Abstract

This paper discusses the scope of the employee’s voice in lifelong education decisions, with a focus on qualified assembly‐line workers and professional development schemes allowing their upward mobility out of the assembly line. Using a capability approach, it investigates voice as part of people’s agency. Beyond examining the channels that allow employees to have a say in training matters – weak definition of voice – it addresses voice as a process that participates in the conversion of the available training resources and opportunities into lifelong education achievements – strong definition of voice. Comparing two subsidiaries of a multinational firm, one located in Germany and the other in France, we ask under what institutional and organizational conditions employees are able to express and then achieve what they value.
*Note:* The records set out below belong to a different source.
(* Let $\rho$ be an $n$-qubit symmetric state and $\mathcal S$ a collection of subsets of $[n]$ such that the hypergraph $([n],\mathcal S)$ is connected. Then every $\sigma\in\mathcal C(\rho,\mathcal S)$ is a symmetric state.
   Context: Let $[n]=\{1,\dots,n\}$, $\mathcal H_{[n]}=(\mathbb C^2)^{\otimes n}$, and for $S\subseteq[n]$ let $\rho_S$ be the partial trace of $\rho$ over qubits outside $S$. $\mathcal C(\rho,\mathcal S)=\{\sigma\text{ density matrix on }\mathcal H_{[n]}:\sigma_S=\rho_S\ \forall S\in\mathcal S\}$. A state is symmetric if its range is contained in the subspace of vectors invariant under swapping any two qubits. The hypergraph $([n],\mathcal S)$ is connected if for every partition of $[n]$ into nonempty sets $X,Y$ some $S\in\mathcal S$ intersects both $X$ and $Y$. *)

theory Defs
  imports Complex_Main "HOL-Library.Complex_Order" "HOL-Combinatorics.Transposition"
begin

text \<open>Computational basis of (C^2)^{\<otimes>n}: a basis vector |x_1...x_n> is encoded by
  the set of qubits in state |1>, i.e. by a subset of {1..n}.\<close>

type_synonym qop = "nat set \<Rightarrow> nat set \<Rightarrow> complex"
type_synonym qvec = "nat set \<Rightarrow> complex"

definition basis_idx :: "nat \<Rightarrow> nat set set" where
  "basis_idx n = Pow {1..n}"

definition apply_op :: "nat \<Rightarrow> qop \<Rightarrow> qvec \<Rightarrow> qvec" where
  "apply_op n M v = (\<lambda>x. \<Sum>y\<in>basis_idx n. M x y * v y)"

definition density_matrix :: "nat \<Rightarrow> qop \<Rightarrow> bool" where
  "density_matrix n M \<longleftrightarrow>
     (\<forall>x\<in>basis_idx n. \<forall>y\<in>basis_idx n. M y x = cnj (M x y)) \<and>
     (\<forall>v. 0 \<le> (\<Sum>x\<in>basis_idx n. \<Sum>y\<in>basis_idx n. cnj (v x) * M x y * v y)) \<and>
     (\<Sum>x\<in>basis_idx n. M x x) = 1"

definition partial_trace :: "nat \<Rightarrow> nat set \<Rightarrow> qop \<Rightarrow> qop" where
  "partial_trace n S M = (\<lambda>a b. \<Sum>c\<in>Pow ({1..n} - S). M (a \<union> c) (b \<union> c))"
In adopting a multi‐level perspective which integrates qualitative data of an institutional, organizational and individual nature, we show how in France and Germany the worker’s voice in training matters pertains to two different models of responsibility sharing. In Germany the worker’s voice is associated with self‐determination and self‐care as a consequence of the externalization of lifelong education outside the confines of the firm; this results in a weak voice that requires personal or family resources in order to get converted into a strong voice. In France, where national legislation obliges firms to devote a percentage of the gross wage bill to training, companies have historically played an important role in the lifelong education of workers, so that until the country’s last training reforms introducing a personal training account in 2014, the worker’s voice was strongly shaped by organizational factors. Whether this voice is weak or strong depends upon the organizational strategy, processes and involvement in lifelong training.